I wrote recently elsewhere about listening to an old "News From Lake Wobegon" segment from Prairie Home Companion. It was a radio program and then a podcast that I followed for a number of years until the host, Garrison Keillor, left the program. I still follow his The Writers Almanac daily even though that is in "reruns" now. The daily poem is from years ago, so most of them seem new even if I did read and listened to them before.
But what also interested me was his mention of how he composed these monologues.
I like Keillor's writing method for these News segments.
I always wrote the monologue on Friday evening, four or five pages, and looked at it Saturday morning, and then not again. I never read it. I never memorized it. I felt that I’d naturally remember the memorable parts.
I took a weeklong workshop with a very well-known poet who gave us a writing prompt one day to work on that evening. "Write the first draft with pen and paper only and make no revisions. Bring the paper to class tomorrow."
We did our assignments and he collected them at the start of the session. Then he, quite dramatically, ripped them and put them in the garbage. Shock in the class.
"Now, write it again. Anything that you remember was probably worth remembering and what you have already forgotten should be forgotten."

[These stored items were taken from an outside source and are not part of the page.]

lemma delay_stable_unit_iff:
  assumes \<phi>: "0 < \<phi>" "\<phi> \<le> pi/2" and w: "w = rcis (cmod w) \<phi>"
  shows "delay_stable b w 1 \<longleftrightarrow> 0 < b \<and> cmod w < Rfun (- b) \<phi>"
  unfolding delay_stable_def of_real_1 mult_minus_left mult_1_left
proof
  assume stable: "\<forall>s. s + of_real b - w * exp (- s) = 0 \<longrightarrow> Re s < 0"
  have unstable: False
    if t0: "0 \<le> t0" "t0 < \<phi>" "Cfun t0 \<phi> \<le> - b" "root_modulus \<phi> b t0 \<le> cmod w" for t0
  proof -
    obtain s where "s + of_real b - w * exp (- s) = 0" "0 \<le> Re s"
      using char_root_Re_nonneg[OF t0(1,2) \<phi>(2) w t0(3,4)] .
    with stable show False by fastforce
  qed
  show "0 < b \<and> cmod w < Rfun (- b) \<phi>"
  proof (cases "0 < b")
    case False
    then show ?thesis using unstable[of 0] \<phi> by (simp add: Cfun_def root_modulus_def)
  next
    case True
    define \<theta> where "\<theta> = Cinv (- b) \<phi>"
    have \<theta>: "0 < \<theta>" "\<theta> < \<phi>" "Cfun \<theta> \<phi> = - b" using Cinv_neg True \<phi> by (simp_all add: \<theta>_def)
    have "root_modulus \<phi> b \<theta> = Rfun (- b) \<phi>"
      using \<theta>(3) by (simp add: root_modulus_def Rfun_eq \<theta>_def)
    then have "\<not> Rfun (- b) \<phi> \<le> cmod w" using unstable[of \<theta>] \<theta> by auto
    with True show ?thesis by simp
  qed
next
  assume "0 < b \<and> cmod w < Rfun (- b) \<phi>"
  then show "\<forall>s. s + of_real b - w * exp (- s) = 0 \<longrightarrow> Re s < 0"
    using char_root_Re_neg[OF \<phi> w] by blast
qed

lemma rcis_abs_Arg: "w = rcis (cmod w) \<bar>Arg w\<bar> \<or> cnj w = rcis (cmod w) \<bar>Arg w\<bar>"
proof (cases "0 \<le> Arg w")
  case True
  then show ?thesis by (simp add: rcis_cmod_Arg)
next
  case False
  then show ?thesis by (simp add: rcis_cnj)
qed

theorem mainTheorem14:
  fixes a \<tau> :: real and w :: complex
  \<comment> \<open>\<open>w \<notin> \<real>\<close> is implied by the bounds on \<open>Arg w\<close> and not used\<close>
  assumes "w \<notin> \<real>"
    and "0 < \<bar>Arg w\<bar>" and "\<bar>Arg w\<bar> \<le> pi / 2"
    and "\<tau> > 0"
  shows "(\<forall>z::complex. z + of_real a - w * exp (- of_real \<tau> * z) = 0 \<longrightarrow> Re z < 0)
     \<longleftrightarrow> (a > 0 \<and> cmod w < Rfun (- \<tau> * a) \<bar>Arg w\<bar> / \<tau>)"
proof -
  define \<phi> where "\<phi> = \<bar>Arg w\<bar>"
  obtain v where v: "v = rcis (cmod v) \<phi>" "cmod v = cmod w"
    and stable_v: "delay_stable a v \<tau> \<longleftrightarrow> delay_stable a w \<tau>"
    using rcis_abs_Arg[of w] delay_stable_cnj[of a w \<tau>] unfolding \<phi>_def by force
  have "of_real \<tau> * v = rcis (cmod (of_real \<tau> * v)) \<phi>"
    using v \<open>\<tau> > 0\<close> by (metis rcis_def norm_mult norm_of_real abs_of_pos mult.assoc of_real_mult)
  then have "delay_stable a w \<tau> \<longleftrightarrow> 0 < \<tau> * a \<and> cmod (of_real \<tau> * v) < Rfun (- (\<tau> * a)) \<phi>"
    using stable_v delay_stable_rescale[OF \<open>\<tau> > 0\<close>] delay_stable_unit_iff assms(2,3)
    unfolding \<phi>_def by simp
  also have "\<dots> \<longleftrightarrow> 0 < a \<and> cmod w < Rfun (- \<tau> * a) \<phi> / \<tau>"
    using v(2) \<open>\<tau> > 0\<close> by (simp add: norm_mult zero_less_mult_iff pos_less_divide_eq mult.commute)
  finally show ?thesis unfolding delay_stable_def \<phi>_def .
qed

end
lemma exists_point_before_sublevel:
  assumes S: "S \<subseteq> {0..}" "0 \<in> S" and rc: "right_cont_on S f" and dec: "decreasing_on S f"
    and dp: "DP (closure S) (fbar S f) \<subseteq> S"
    and z: "z \<in> S" "f z \<le> c" and \<eta>: "\<eta> > 0"
  shows "\<exists>p\<in>S. f p < c + \<eta> \<and> (\<forall>y\<in>S. f y \<le> c \<longrightarrow> p \<le> y)"
proof -
  define A where "A = {y\<in>S. f y \<le> c}"
  define a where "a = Inf A"
  have A: "A \<noteq> {}" "bdd_below A" unfolding A_def using z S(1) by (auto intro!: bdd_belowI)
  have a_le: "a \<le> y" if "y \<in> S" "f y \<le> c" for y
    unfolding a_def A_def using A that by (intro cInf_lower) (auto simp: A_def)
  have approx: "\<exists>y\<in>S. a \<le> y \<and> y < a + d \<and> f y \<le> c" if "d > 0" for d
  proof -
    obtain y where "y \<in> A" "y < a + d" using cInf_lessD[OF A(1), of "a + d"] \<open>d > 0\<close> unfolding a_def by auto
    then show ?thesis using a_le unfolding A_def by force
  qed
  have "\<exists>p\<in>S. f p < c + \<eta> \<and> p \<le> a"
  proof (cases "a \<in> S")
    case True
    have "f a < c + \<eta>" using right_cont_on_sublevel_le[OF rc True approx] \<eta> by simp
    then show ?thesis using True by blast
  next
    case False
    have "\<exists>y\<in>S. a < y \<and> y < a + d \<and> f y \<le> c" if "d > 0" for d
    proof -
      obtain y where y: "y \<in> S" "a \<le> y" "y < a + d" "f y \<le> c" using approx \<open>d > 0\<close> by blast
      then have "a \<noteq> y" using False by blast
      then show ?thesis using y by force
    qed
    then obtain x where "x \<in> S" "x < a" "f x < c + \<eta>"
      using exists_point_less_of_right_approx[OF S dec dp False \<eta>] by blast
    then show ?thesis by (intro bexI[of _ x]) auto
  qed
  then obtain p where "p \<in> S" "f p < c + \<eta>" "p \<le> a" by blast
  then show ?thesis using a_le by (intro bexI[of _ p]) force+
qed
lemma comps_subset: "X \<in> comps W F \<Longrightarrow> X \<subseteq> W \<and> X \<noteq> {}"
  unfolding comps_def is_2ec_comp_def by (auto dest: has_2ec_subgraph_on_subset)

lemma comps_eq_if_common:
  assumes "X \<in> comps W F" "Y \<in> comps W F" "x \<in> X" "x \<in> Y"
  shows "X = Y"
proof -
  have "has_2ec_subgraph_on W F (X \<union> Y)"
    using assms has_2ec_subgraph_on_Un[of W F X Y x] by (simp add: comps_def is_2ec_comp_def)
  then have "\<not> X \<subset> X \<union> Y" "\<not> Y \<subset> X \<union> Y"
    using assms(1,2) by (auto simp: comps_def is_2ec_comp_def)
  then show ?thesis by blast
qed

lemma ex_comps:
  assumes "finite W" "x \<in> W"
  shows "\<exists>X\<in>comps W F. x \<in> X"
proof -
  let ?Q = "{Y. has_2ec_subgraph_on W F Y \<and> x \<in> Y}"
  have "finite ?Q"
    using assms(1) has_2ec_subgraph_on_subset by (intro finite_subset[of ?Q "Pow W"]) auto
  moreover have "{x} \<in> ?Q" using has_2ec_subgraph_on_singleton[OF assms(2)] by simp
  ultimately obtain X where X: "X \<in> ?Q" "\<forall>Y\<in>?Q. X \<subseteq> Y \<longrightarrow> X = Y"
    using finite_has_maximal[of ?Q] by blast
  have "\<not> has_2ec_subgraph_on W F Y" if "X \<subset> Y" for Y
    using X that by blast
  then have "is_2ec_comp W F X" unfolding is_2ec_comp_def using X(1) by blast
  then show ?thesis using X(1) unfolding comps_def by blast
qed

lemma comp_of_eq: "X \<in> comps W F \<Longrightarrow> x \<in> X \<Longrightarrow> comp_of W F x = X"
  unfolding comp_of_def by (rule the_equality) (simp, metis comps_eq_if_common)

lemma comp_of_in_comps:
  assumes "finite W" "x \<in> W"
  shows "comp_of W F x \<in> comps W F" "x \<in> comp_of W F x"
proof -
  obtain X where "X \<in> comps W F" "x \<in> X" using ex_comps[OF assms] by blast
  moreover from this have "comp_of W F x = X" by (rule comp_of_eq)
  ultimately show "comp_of W F x \<in> comps W F" "x \<in> comp_of W F x" by simp_all
qed

lemma comps_two_edge_connected:
  assumes "two_edge_connected W F" "\<forall>e\<in>F. e \<subseteq> W" "W \<noteq> {}"
  shows "comps W F = {W}"
proof -
  have W: "has_2ec_subgraph_on W F W" using assms by (intro has_2ec_subgraph_onI[of F]) auto
  have "is_2ec_comp W F X \<longleftrightarrow> X = W" for X
  proof
    assume "is_2ec_comp W F X"
    then have "X \<subseteq> W" "\<not> X \<subset> W"
      using W has_2ec_subgraph_on_subset unfolding is_2ec_comp_def by blast+
    then show "X = W" by blast
  next
    assume "X = W"
    then show "is_2ec_comp W F X"
      using W has_2ec_subgraph_on_subset unfolding is_2ec_comp_def by blast
  qed
  then show ?thesis unfolding comps_def by blast
qed

lemma type_A_if_two_edge_connected:
  assumes "two_edge_connected W F" "\<forall>e\<in>F. e \<subseteq> W" "u \<in> W" "v \<in> W"
  shows "type_A W F u v"
proof -
  have W: "comps W F = {W}" using comps_two_edge_connected assms by blast
  moreover have "comp_of W F u = W" "comp_of W F v = W"
    using comp_of_eq[of W W F] W assms(3,4) by simp_all
  moreover have "comp_edges W F = {}" using W unfolding comp_edges_def by blast
  ultimately show ?thesis unfolding type_A_def by simp
qed

lemma type_A_reach_minus:
  assumes "type_A W F u v" "finite W" "u \<in> W" "v \<in> W"
  shows "reach (F - {e}) u v"
proof -
  let ?X = "comp_of W F u"
  have X: "?X \<in> comps W F" "u \<in> ?X" using comp_of_in_comps[OF assms(2,3)] .
  have "comp_of W F v = ?X" using assms(1) unfolding type_A_def by simp
  then have "v \<in> ?X" using comp_of_in_comps(2)[OF assms(2,4), of F] by simp
  have "has_2ec_subgraph_on W F ?X" using X(1) unfolding comps_def is_2ec_comp_def by simp
  then obtain F' where F': "F' \<subseteq> F" "\<forall>e\<in>F'. e \<subseteq> ?X" "two_edge_connected ?X F'"
    by (rule has_2ec_subgraph_onE)
  have "reach (F' - {e}) u v"
    using two_edge_connected_minus[OF F'(3), of e] X(2) \<open>v \<in> ?X\<close> unfolding gconnected_def by blast
  then show ?thesis by (rule reach_mono) (use F'(1) in blast)
qed

section \<open>Splitting along a bridge\<close>

lemma gconnected_side:
  assumes "gconnected X F" "X \<subseteq> A \<union> B" "A \<inter> B = {}" "\<forall>e\<in>F. e \<subseteq> A \<or> e \<subseteq> B"
  shows "X \<subseteq> A \<or> X \<subseteq> B"
proof (cases "X = {}")
  case False
  then obtain x where x: "x \<in> X" by blast
  have closed: "b \<in> S" if "S \<in> {A, B}" "{a, b} \<in> F" "a \<in> S" for S a b
  proof -
    have "{a, b} \<subseteq> A \<or> {a, b} \<subseteq> B" using assms(4) that(2) by blast
    then show ?thesis using that(1,3) assms(3) by auto
  qed
  have "X \<subseteq> S" if "S \<in> {A, B}" "x \<in> S" for S
  proof
    fix y assume "y \<in> X"
    then have "reach F x y" using assms(1) x unfolding gconnected_def by blast
    then show "y \<in> S" using that closed by (blast intro: reach_invariant)
  qed
  then show ?thesis using x assms(2) by blast
qed simp

lemma has_2ec_subgraph_on_split:
  assumes "W = A \<union> B" "A \<inter> B = {}" "\<forall>e'\<in>F - {e}. e' \<subseteq> A \<or> e' \<subseteq> B"
  shows "has_2ec_subgraph_on W F X \<longleftrightarrow>
    has_2ec_subgraph_on A {e\<in>F. e \<subseteq> A} X \<or> has_2ec_subgraph_on B {e\<in>F. e \<subseteq> B} X"
proof
  assume "has_2ec_subgraph_on W F X"
  then obtain F' where F': "F' \<subseteq> F" "\<forall>e\<in>F'. e \<subseteq> X" "two_edge_connected X F'" "X \<subseteq> W" "X \<noteq> {}"
    by (rule has_2ec_subgraph_onE)
  have "\<forall>e'\<in>F' - {e}. e' \<subseteq> A \<or> e' \<subseteq> B" using F'(1) assms(3) by blast
  with F'(4) have "X \<subseteq> A \<or> X \<subseteq> B"
    using gconnected_side[OF two_edge_connected_minus[OF F'(3)] _ assms(2)] assms(1) by simp
  moreover have restrict: "has_2ec_subgraph_on S {e\<in>F. e \<subseteq> S} X" if "X \<subseteq> S" for S
    using F' that by (intro has_2ec_subgraph_onI[of F']) (auto, blast)
  ultimately show "has_2ec_subgraph_on A {e\<in>F. e \<subseteq> A} X \<or> has_2ec_subgraph_on B {e\<in>F. e \<subseteq> B} X"
    by (elim disjE) (simp_all add: restrict)
next
  assume "has_2ec_subgraph_on A {e\<in>F. e \<subseteq> A} X \<or> has_2ec_subgraph_on B {e\<in>F. e \<subseteq> B} X"
  then show "has_2ec_subgraph_on W F X"
    by (elim disjE) (erule has_2ec_subgraph_on_mono; use assms(1) in blast)+
qed

lemma is_2ec_comp_split_left:
  assumes "W = A \<union> B" "A \<inter> B = {}" "\<forall>e'\<in>F - {e}. e' \<subseteq> A \<or> e' \<subseteq> B"
  shows "is_2ec_comp W F X \<and> X \<subseteq> A \<longleftrightarrow> is_2ec_comp A {e\<in>F. e \<subseteq> A} X"
proof -
  note split = has_2ec_subgraph_on_split[OF assms]
  have not_B: "\<not> has_2ec_subgraph_on B {e\<in>F. e \<subseteq> B} Y"
    if "X \<subseteq> Y" "X \<subseteq> A" "X \<noteq> {}" for Y
    using that assms(2) has_2ec_subgraph_on_subset[of B _ Y] by blast
  show ?thesis
  proof
    assume X: "is_2ec_comp W F X \<and> X \<subseteq> A"
    then have "has_2ec_subgraph_on W F X" unfolding is_2ec_comp_def by simp
    then have "has_2ec_subgraph_on A {e\<in>F. e \<subseteq> A} X"
      using split not_B[of X] X has_2ec_subgraph_on_subset[of W F X] by blast
    moreover have "\<not> has_2ec_subgraph_on A {e\<in>F. e \<subseteq> A} Y" if "X \<subset> Y" for Y
      using X that split unfolding is_2ec_comp_def by blast
    ultimately show "is_2ec_comp A {e\<in>F. e \<subseteq> A} X" unfolding is_2ec_comp_def by blast
  next
    assume X: "is_2ec_comp A {e\<in>F. e \<subseteq> A} X"
    then have hX: "has_2ec_subgraph_on A {e\<in>F. e \<subseteq> A} X" unfolding is_2ec_comp_def by simp
    then have XA: "X \<subseteq> A" "X \<noteq> {}" using has_2ec_subgraph_on_subset by blast+
    have "\<not> has_2ec_subgraph_on W F Y" if "X \<subset> Y" for Y
      using X that split not_B[of Y] XA unfolding is_2ec_comp_def by blast
    then show "is_2ec_comp W F X \<and> X \<subseteq> A" using hX split XA unfolding is_2ec_comp_def by blast
  qed
qed

lemma comps_split:
  assumes "W = A \<union> B" "A \<inter> B = {}" "\<forall>e'\<in>F - {e}. e' \<subseteq> A \<or> e' \<subseteq> B"
  shows "comps W F = comps A {e\<in>F. e \<subseteq> A} \<union> comps B {e\<in>F. e \<subseteq> B}"
proof -
  have "W = B \<union> A" "B \<inter> A = {}" using assms(1,2) by (simp_all add: Un_commute Int_commute)
  moreover have "\<forall>e'\<in>F - {e}. e' \<subseteq> B \<or> e' \<subseteq> A" using assms(3) by blast
  ultimately have right: "is_2ec_comp W F X \<and> X \<subseteq> B \<longleftrightarrow> is_2ec_comp B {e\<in>F. e \<subseteq> B} X" for X
    by (rule is_2ec_comp_split_left)
  note left = is_2ec_comp_split_left[OF assms]
  have "X \<subseteq> A \<or> X \<subseteq> B" if "is_2ec_comp W F X" for X
  proof -
    have "has_2ec_subgraph_on A {e\<in>F. e \<subseteq> A} X \<or> has_2ec_subgraph_on B {e\<in>F. e \<subseteq> B} X"
      using that has_2ec_subgraph_on_split[OF assms] unfolding is_2ec_comp_def by simp
    then show ?thesis using has_2ec_subgraph_on_subset by blast
  qed
  then show ?thesis unfolding comps_def using left right by blast
qed
lemma pan_add_less:
  "x \<noteq> 0 \<Longrightarrow> y \<noteq> 0 \<Longrightarrow> x + y \<noteq> 0 \<Longrightarrow> v x < v y \<Longrightarrow> pan (x + y) = pan x"
  using pseudo_ac unfolding pseudo_ac_def by blast

lemma pan_add_eq:
  "x \<noteq> 0 \<Longrightarrow> y \<noteq> 0 \<Longrightarrow> x + y \<noteq> 0 \<Longrightarrow> v x = v y \<Longrightarrow> pan x + pan y \<noteq> 0 \<Longrightarrow>
     v (x + y) = v x \<and> pan (x + y) = pan x + pan y"
  using pseudo_ac unfolding pseudo_ac_def by blast

lemma pan_eq_imp_square_multiple:
  "x \<noteq> 0 \<Longrightarrow> y \<noteq> 0 \<Longrightarrow> eq_mod_sq (v x) (v y) \<Longrightarrow> pan x = pan y \<Longrightarrow> \<exists>u. u \<noteq> 0 \<and> y = u\<^sup>2 * x"
  using pseudo_ac unfolding pseudo_ac_def by blast

lemma pan_mult_square: "a \<noteq> 0 \<Longrightarrow> u \<noteq> 0 \<Longrightarrow> \<exists>k. k \<noteq> 0 \<and> pan (a * u\<^sup>2) = pan a * k\<^sup>2"
  using pseudo_ac unfolding pseudo_ac_def by blast

lemma pan_uminus: "x \<noteq> 0 \<Longrightarrow> pan (- x) = - pan x"
  using pan_unit_mult[of "- 1" x] res_minus_one unfolding valunits_def by simp

lemma valuation_less_add_if_pan_cancel:
  assumes x: "x \<noteq> 0" and y: "y \<noteq> 0" and vxy: "v x = v y"
    and cancel: "pan x + pan y = 0" and sum: "x + y \<noteq> 0"
  shows "v x < v (x + y)"
proof -
  have pan_y: "pan (- x) = pan y" using pan_uminus[OF x] cancel by (simp add: add_eq_0_iff)
  then obtain u where u: "u \<noteq> 0" "y = u\<^sup>2 * (- x)"
    using pan_eq_imp_square_multiple[of "- x" y] x y vxy eq_mod_sq_refl by auto
  have "v y = v u + v u + v x" using u x by (simp add: valuation_mult valuation_square)
  then have "v (u\<^sup>2) = 0" using vxy u by (simp add: valuation_square)
  then have unit: "u\<^sup>2 \<in> valunits v" and u2: "u\<^sup>2 \<in> valring v"
    unfolding valunits_def valring_def using u by simp_all
  have "pan y = res (u\<^sup>2) * pan y" using u x pan_unit_mult[OF unit, of "- x"] pan_y by simp
  then have res_u2: "res (u\<^sup>2) = 1" using pan_nonzero[OF y] by simp
  have "1 \<in> valring v" unfolding valring_def by simp
  then have one_minus: "1 - u\<^sup>2 \<in> valring v" using valring_diff u2 by blast
  have "res (1 - u\<^sup>2) = 0" using res_add[OF one_minus u2] res_u2 res_one by simp
  moreover have xy: "x + y = (1 - u\<^sup>2) * x" using u by (simp add: algebra_simps)
  then have "1 - u\<^sup>2 \<noteq> 0" using sum by auto
  ultimately have "0 < v (1 - u\<^sup>2)" using res_eq_zero_iff[OF one_minus] by simp
  moreover have "v (x + y) = v (1 - u\<^sup>2) + v x" using xy \<open>1 - u\<^sup>2 \<noteq> 0\<close> x valuation_mult by simp
  ultimately show ?thesis by (simp add: add_pos_nonneg[THEN less_le_trans] less_add_same_cancel2)
qed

We wrote the poems again. After, as we shared what we wrote, some people recalled much of their poems. Some only retained a few lines or phrases. (I was in that group.) A few people remembered only the title and a few words. That didn't make them feel very good. (Some of those people were the ones who went into the trash after class to find their original.)
I have tried this on my own a few times. Write the first draft. Read it through a few times. Destroy it. Don't use a device. That's cheating if you still have the draft. Then try to write it again. Try writing a few hours later. Wait until the next day. Give it a week. The "memorable parts" should remain.
This is radical revision. It is a good writing exercise.
One summer I reread a folder of poems from years past. None were great. I wrote down the titles of a few that I thought I had some potential. Then, quite dramatically, I burned the poems in our firepit. I tried writing some of the poems whose titles I had saved. The title was enough of a trigger to get me back to what had inspired the first draft. I got a few good poems from the exercise.
Do I regret losing the other poems? No. It's not that I do this all the time. In fact, I still have a bound book of poems I wrote in high school on my shelf. they are almost all dreadful. But I keep them. I've never rewritten any of them, but they are like a kind of poetic diary of that time. There are love poems, imitations, things in grand language and attempts at haiku and short forms.
It reminds me of when John Steinbeck's dog destroyed his Of Mice and Men first draft. Steinbeck's rewrite, some from memory and some new, turned out quite well.
In 1922, Ernest Hemingway had all his writing (originals and carbons) packed in a suitcase by his wife, Hadley, for a train trip to Switzerland to meet him. She left it unattended on the train for a bit while she went to get some water. When she returned, the suitcase was gone. It has never been found. It was everything he had written at the time.
"All that remains of my complete works are three pencil drafts of a bum poem which was later scrapped, some correspondence between John McClure and me, and some journalistic carbons."
He later found two short stories back in Italy. “Up in Michigan,” which he had buried in a drawer because Gertrude Stein had said it was unpublishable, and “My Old Man” which was out with an editor at a magazine. Two good stories. I have to wonder what was lost.
That suitcase of writing would be worth a lot of money today. Hemingway never really tried to find it. He wrote what he remembered as being good again, and the rest just disappeared forever.